While the doctor was making his exam, PC Neil ordered Constable Thain to take control of the scene while he began pounding on the gate of the Brown and Eagle stable. When no one responded, Neil then went back down the street to the Essex Wharf warehouse, where the night watchman said he had heard nothing. Neil returned to the scene just as the third officer, PC Jonas Mizen,  returned from Bethal Green station with the ambulance cart (above). Once the doctor released the body, the two officers loaded the dead woman onto the cart and they began to push her toward the Montegue Street Mortuary.
Just about then, Sargent Kirby from the Bethal Green station arrived to take charge of the scene - or what remained of it. PCs Neil and Mizen were pushing the ambulance toward the Montague Street mortuary,. so, by 4:20  that morning, less than an hour after her murder, not much more than 30 minutes after the discovery of her body,  and with two gawkers having already peered at her corpse, the dead woman had been removed from the scene, and a young boy from a house across the street had commenced to washing the blood off the cobblestones. And so far everything that had been done, was according to Metropolitan Police regulations.
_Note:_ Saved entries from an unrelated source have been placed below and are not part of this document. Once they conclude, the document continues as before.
lemma fails_WLP_inj_if_socle:
  assumes m: "m \<in> Std n G i" and socle: "\<forall>j<n. in_ideal G (m + var_pow j 1)"
    and HF: "HF n G i \<le> HF n G (Suc i)"
  shows "fails_WLP_inj (K :: 'k::field itself) n G i"
proof -
  let ?L = "mult_ell n G i :: (monom \<Rightarrow> 'k) \<Rightarrow> _"
  have kernel: "?L (kdelta m) = 0" using socle by (rule mult_ell_kdelta_eq_0)
  have "\<not> inj_on ?L (Aspace K n G i)"
  proof
    assume "inj_on ?L (Aspace K n G i)"
    moreover have "kdelta m \<in> Aspace K n G i"
      using m by (simp add: Aspace_eq_supported_on kdelta_in_supported_on)
    moreover have "0 \<in> Aspace K n G i" by (simp add: Aspace_def)
    moreover have "?L 0 = 0" by (simp add: mult_ell_def fun_eq_iff zero_fun_def)
    ultimately have "kdelta m = (0 :: monom \<Rightarrow> 'k)" using kernel by (metis inj_onD)
    then show False by (metis kdelta_apply_eq_iff zero_fun_apply zero_neq_one)
  qed
  moreover have "?L ` Aspace K n G i \<noteq> Aspace K n G (Suc i)"
    unfolding Aspace_eq_supported_on
    using mult_ell_linear finite_Std m kernel HF[unfolded HF_def]
    by (rule linear_image_supported_on_ne)
  ultimately show ?thesis using HF unfolding fails_WLP_inj_def max_rank_def by blast
qed

section \<open>Equigenerated monomial ideals\<close>

lemma minimal_gens_if_same_degree:
  assumes "G \<subseteq> Mon n" "\<forall>g\<in>G. mdeg n g = d"
  shows "minimal_gens G"
  using assms mdvd_mdeg_eq_imp_eq unfolding minimal_gens_def by (metis subsetD)

lemma Std_eq_if_below_degree:
  assumes "\<forall>g\<in>G. mdeg n g = d" "i < d"
  shows "Std n G i = {m \<in> Mon n. mdeg n m = i}"
proof -
  have "\<not> in_ideal G m" if "mdeg n m = i" for m
    using assms mdeg_le_if_mdvd[of _ m n] that unfolding in_ideal_def by fastforce
  then show ?thesis by (auto simp: Std_def)
qed

lemma Std_eq_at_degree:
  assumes "G \<subseteq> {m \<in> Mon n. mdeg n m = d}"
  shows "Std n G d = {m \<in> Mon n. mdeg n m = d} - G"
  using assms mdvd_mdeg_eq_imp_eq in_ideal_if_mem unfolding Std_def in_ideal_def by blast

lemma artinian_if_pure_powers:
  assumes "\<forall>j<n. in_ideal G (var_pow j d)"
  shows "artinian n G"
proof -
  have "m j \<le> d" if m: "m \<in> Mon n" "\<not> in_ideal G m" for m j
  proof (rule ccontr)
    assume big: "\<not> m j \<le> d"
    have "j < n"
    proof (rule ccontr)
      assume "\<not> j < n"
      then have "m j = 0" using m(1) by (simp add: Mon_def)
      then show False using big by simp
    qed
    then have "in_ideal G (var_pow j d)" using assms by blast
    moreover have "mdvd (var_pow j d) m" using big by (simp add: mdvd_def var_pow_def)
    ultimately have "in_ideal G m" using mdvd_trans unfolding in_ideal_def by blast
    with m(2) show False by contradiction
  qed
  then show ?thesis
    unfolding artinian_def by (intro finite_subset[OF _ finite_Mon_bounded[of n d]]) auto
qed

definition base_gens :: "nat \<Rightarrow> nat \<Rightarrow> monom set" where
  "base_gens n d = (\<lambda>j. var_pow j d) ` {..<n} \<union> (\<lambda>j. var_pow 0 (d - 1) + var_pow j 1) ` {..<n}"

lemma base_gens_subset_Mon_mdeg:
  assumes "n \<ge> 1" "d \<ge> 1"
  shows "base_gens n d \<subseteq> {m \<in> Mon n. mdeg n m = d}"
proof -
  have "var_pow 0 (d - 1) + var_pow j 1 \<in> Mon n" if "j < n" for j
    using that by (simp add: Mon_def var_pow_def)
  then show ?thesis
    using assms by (auto simp: base_gens_def var_pow_in_Mon mdeg_var_pow mdeg_add)
qed
section \<open>An alternating binomial sieve\<close>

text \<open>The coefficient of \<open>X\<^sup>t\<close> in \<open>(1 - X)\<^sup>r \<Sum>\<^sub>j s j X\<^sup>j\<close>.\<close>

definition alt_binom_conv :: "(nat \<Rightarrow> int) \<Rightarrow> nat \<Rightarrow> nat \<Rightarrow> int" where
  "alt_binom_conv s t r = (\<Sum>i\<le>t. (-1) ^ i * int (r choose i) * s (t - i))"

lemma alt_binom_conv_0_right: "alt_binom_conv s t 0 = s t"
  unfolding alt_binom_conv_def by (simp add: sum.atMost_shift)

lemma alt_binom_conv_0_left: "alt_binom_conv s 0 r = s 0"
  unfolding alt_binom_conv_def by simp

lemma alt_binom_conv_Suc_Suc:
  "alt_binom_conv s (Suc t) (Suc r) = alt_binom_conv s (Suc t) r - alt_binom_conv s t r"
proof -
  have "alt_binom_conv s (Suc t) (Suc r)
      = s (Suc t) + (\<Sum>i\<le>t. (-1) ^ Suc i * int (r choose Suc i) * s (t - i))
        + (\<Sum>i\<le>t. (-1) ^ Suc i * int (r choose i) * s (t - i))"
    unfolding alt_binom_conv_def
    by (subst sum.atMost_Suc_shift) (simp add: sum.distrib[symmetric] algebra_simps)
  also have "s (Suc t) + (\<Sum>i\<le>t. (-1) ^ Suc i * int (r choose Suc i) * s (t - i))
      = alt_binom_conv s (Suc t) r"
    unfolding alt_binom_conv_def by (subst sum.atMost_Suc_shift) simp
  also have "(\<Sum>i\<le>t. (-1) ^ Suc i * int (r choose i) * s (t - i)) = - alt_binom_conv s t r"
    unfolding alt_binom_conv_def by (simp add: sum_negf[symmetric])
  finally show ?thesis
    by simp
qed

lemma alt_binom_conv_split_last:
  "alt_binom_conv s t r
     = (\<Sum>i<t. (-1) ^ i * int (r choose i) * s (t - i)) + (-1) ^ t * int (r choose t) * s 0"
  unfolding alt_binom_conv_def by (simp add: lessThan_Suc_atMost[symmetric])

lemma sieve_eq_alt_binom_conv:
  fixes N :: "nat \<Rightarrow> 'b set \<Rightarrow> int"
  assumes "finite R" "R \<subseteq> U"
    and N_empty: "\<And>t. N t {} = s t"
    and N_insert_0: "\<And>z R. N 0 (insert z R) = N 0 R"
    and N_insert_Suc: "\<And>z R t. z \<in> U \<Longrightarrow> z \<notin> R \<Longrightarrow> N (Suc t) (insert z R) = N (Suc t) R - N t R"
  shows "N t R = alt_binom_conv s t (card R)"
  using assms(1,2)
proof (induction R arbitrary: t rule: finite_induct)
  case empty
  then show ?case
    by (simp add: N_empty alt_binom_conv_0_right)
next
  case (insert z R)
  then show ?case
    by (cases t) (simp_all add: N_insert_0 N_insert_Suc alt_binom_conv_0_left alt_binom_conv_Suc_Suc)
qed

section \<open>Self-reciprocal polynomials\<close>

lemma coeff_tilde:
  "coeff (tilde q f) n = (if n > degree f then 0 else coeff f (degree f - n) ^ q)"
proof -
  have "coeff (tilde q f) n
      = (\<Sum>i\<le>degree f. if i = degree f - n \<and> n \<le> degree f then coeff f i ^ q else 0)"
    unfolding tilde_def conjq_def coeff_sum coeff_monom by (rule sum.cong) auto
  then show ?thesis
    by (simp add: sum.delta)
qed

lemma tilde_eq_reflect_map_poly:
  assumes "q > 0"
  shows "tilde q f = reflect_poly (map_poly (\<lambda>x. x ^ q) f)"
proof (rule poly_eqI)
  fix n
  have "degree (map_poly (\<lambda>x. x ^ q) f) = degree f"
    by (rule degree_map_poly) (use assms in auto)
  then show "coeff (tilde q f) n = coeff (reflect_poly (map_poly (\<lambda>x. x ^ q) f)) n"
    using assms by (simp add: coeff_tilde coeff_reflect_poly coeff_map_poly)
qed

lemma tilde_linear: "b \<noteq> 0 \<Longrightarrow> tilde q [:a, b:] = [:b ^ q, a ^ q:]"
  unfolding tilde_def conjq_def by (simp add: monom_0 monom_Suc)

lemma tilde_eq_self_iff:
  "tilde q L = L \<longleftrightarrow> (\<forall>j\<le>degree L. coeff L j = coeff L (degree L - j) ^ q)"
proof
  assume eq: "tilde q L = L"
  show "\<forall>j\<le>degree L. coeff L j = coeff L (degree L - j) ^ q"
  proof (intro allI impI)
    fix j assume "j \<le> degree L"
    then have "coeff (tilde q L) j = coeff L (degree L - j) ^ q"
      by (simp add: coeff_tilde)
    then show "coeff L j = coeff L (degree L - j) ^ q"
      by (simp add: eq)
  qed
next
  assume sym: "\<forall>j\<le>degree L. coeff L j = coeff L (degree L - j) ^ q"
  show "tilde q L = L"
  proof (rule poly_eqI)
    fix n
    show "coeff (tilde q L) n = coeff L n"
      using sym[rule_format, of n] by (cases "n \<le> degree L") (simp_all add: coeff_tilde coeff_eq_0)
  qed
qed

definition num_self_reciprocal :: "nat \<Rightarrow> nat \<Rightarrow> int" where
  "num_self_reciprocal q t = (if t = 0 then int q - 1 else (int q ^ 2 - 1) * int q ^ (t - 1))"

locale finite_field_square =
  fixes q :: nat and field_type :: "'a::{finite,field} itself"
  assumes prime_power: "\<exists>p k. prime p \<and> k > 0 \<and> q = p ^ k"
    and card_UNIV: "card (UNIV :: 'a set) = q ^ 2"
begin

lemma q_ge_2: "q \<ge> 2"
proof (rule ccontr)
  assume "\<not> q \<ge> 2"
  then have "q ^ 2 \<le> 1 ^ 2"
    by (intro power_mono) simp_all
  then show False
    using card_UNIV card_UNIV_field_ge_2[where 'a='a] by simp
qed

lemma prime_CHAR: "prime CHAR('a)"
  by (rule prime_CHAR_semidom[OF finite_imp_CHAR_pos]) simp

lemma q_CHAR_power: "\<exists>k. q = CHAR('a) ^ k"
proof -
  obtain p k where p: "prime p" "q = p ^ k"
    using prime_power by blast
  have "CHAR('a) dvd p ^ (2 * k)"
    using CHAR_dvd_CARD[where 'a='a] card_UNIV p(2)
    by (simp add: power_mult_distrib power_mult mult.commute)
  then have "CHAR('a) = p"
    using prime_CHAR p(1) prime_dvd_power primes_dvd_imp_eq by blast
  then show ?thesis
    using p(2) by blast
qed

lemma frobenius_add: "(x + y :: 'a) ^ q = x ^ q + y ^ q"
  using q_CHAR_power freshmans_dream'[OF prime_CHAR] by blast

lemma frobenius_sum: "(sum f A :: 'a) ^ q = (\<Sum>i\<in>A. f i ^ q)"
  using q_CHAR_power freshmans_dream_sum'[OF prime_CHAR] by blast

lemma frobenius_uminus: "(- x :: 'a) ^ q = - (x ^ q)"
  using frobenius_add[of x "- x"] q_ge_2 by (simp add: add_eq_0_iff zero_power)

lemma frobenius_frobenius: "((x :: 'a) ^ q) ^ q = x"
  using power_card_eq_self[of x] by (simp add: card_UNIV power2_eq_square power_mult)

lemma card_UNIV_minus_1: "card (UNIV :: 'a set) - 1 = (q - 1) * (q + 1)"
  using q_ge_2 by (simp add: card_UNIV power2_eq_square algebra_simps)

lemma card_fixed_field: "card {c :: 'a. c ^ q = c} = q"
proof -
  have "x ^ q = x * x ^ (q - 1)" for x :: 'a
    using q_ge_2 power_Suc[of x "q - 1"] by (simp add: Suc_diff_1)
  then have "{c :: 'a. c ^ q = c} = insert 0 {c. c ^ (q - 1) = 1}"
    using q_ge_2 by (auto simp: power_0_left)
  moreover have "card {c :: 'a. c ^ (q - 1) = 1} = q - 1"
    using card_roots_of_unity[OF card_UNIV_minus_1[symmetric]] .
  moreover have "0 \<notin> {c :: 'a. c ^ (q - 1) = 1}"
    using q_ge_2 by (simp add: power_0_left)
  ultimately show ?thesis
    using q_ge_2 by simp
qed

lemma hilbert_90:
  assumes "b ^ (q + 1) = (1 :: 'a)"
  obtains c where "c \<noteq> 0" "c ^ (q - 1) = b"
proof -
  have "b \<in> (\<lambda>x. x ^ (q - 1)) ` (UNIV - {0 :: 'a})"
    using assms range_power_nonzero[OF card_UNIV_minus_1[symmetric]] by simp
  then show thesis
    using that by auto
qed

lemma card_roots_of_unity_dvd:
  assumes "m * d = q + 1"
  shows "card {z :: 'a. z ^ m = 1} = m"
proof (rule card_roots_of_unity)
  show "m * (d * (q - 1)) = card (UNIV :: 'a set) - 1"
    unfolding card_UNIV_minus_1 mult.assoc[symmetric] assms by (rule mult.commute)
qed

lemma tilde_mult: "tilde q (f * g :: 'a poly) = tilde q f * tilde q g"
proof -
  have "map_poly (\<lambda>x. x ^ q) (f * g) = map_poly (\<lambda>x. x ^ q) f * map_poly (\<lambda>x. x ^ q) g"
    by (rule poly_eqI)
      (use q_ge_2 in \<open>simp add: coeff_map_poly coeff_mult frobenius_sum power_mult_distrib\<close>)
  then show ?thesis
    using q_ge_2 by (simp add: tilde_eq_reflect_map_poly reflect_poly_mult)
qed

definition conj_palindromes :: "nat \<Rightarrow> 'a poly set" where
  "conj_palindromes t = {L. degree L \<le> t \<and> (\<forall>j\<le>t. coeff L j = coeff L (t - j) ^ q)}"

definition self_reciprocal :: "nat \<Rightarrow> 'a poly set" where
  "self_reciprocal t = {L. L \<noteq> 0 \<and> degree L = t \<and> tilde q L = L}"

text \<open>The symmetry condition loops as a rewrite rule; it is only used through instances of
  the following destruction rule.\<close>

lemma conj_palindromesD:
  assumes "L \<in> conj_palindromes t"
  shows "degree L \<le> t" and "j \<le> t \<Longrightarrow> coeff L j = coeff L (t - j) ^ q"
  using assms unfolding conj_palindromes_def by blast+

lemma self_reciprocal_iff:
  "L \<in> self_reciprocal t \<longleftrightarrow> L \<in> conj_palindromes t \<and> coeff L t \<noteq> 0"
proof (cases "degree L = t")
  case True
  then have "L \<noteq> 0 \<longleftrightarrow> coeff L t \<noteq> 0"
    by auto
  then show ?thesis
    using True unfolding self_reciprocal_def conj_palindromes_def tilde_eq_self_iff
    by (simp add: conj_commute)
next
  case False
  then have "\<not> (degree L \<le> t \<and> coeff L t \<noteq> 0)"
    using le_degree[of L t] le_antisym by blast
  then show ?thesis
    using False unfolding self_reciprocal_def conj_palindromes_def by blast
qed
It was at the mortuary that things went "pear shaped". It was around 4:30 in the morning when 53 year old Robert Mann, a ten year Whitechapel Workhouse resident because of “confusion” and a Mortuary attendant, opened the shed for Constables Neil and Mizen. They transferred the body to an exam table (above), and left. And then Mann locked the shed again, and went to his spare institutional breakfast. After eating,  Mann and his 68 year old assistant and fellow workhouse inmate, James Hatfield, returned to the mortuary, and, trying to be helpful, decided to strip and wash the body.
Perhaps the infirmary nurses who were supposed to preform this function, were unavailable at this time of day.  But the two men, one easily confused because of an injury and the other given to “fits”,  were left alone with the only valuable piece of evidence in this murder case, to exercise their own intuitive. With Mann's assistance Hatfield cut the clothes off the body, and dropped them on the dirt floor. Before they could do more damage,  Detective Inspector John Spratling from Bethnal Green Division arrived. He stopped the morgue attendants from any further tampering with the evidence, and sent for Dr. Llewelkyn to come at once.
It seems likely that neither Mann nor Hatfield ever had any idea what they had done wrong. And it also seems likely that their transgression had no substantial impact on the case. But their errors provided their “betters” with some one socially beneath them to blame for the failure to stop a horror they had not yet even begun to understand.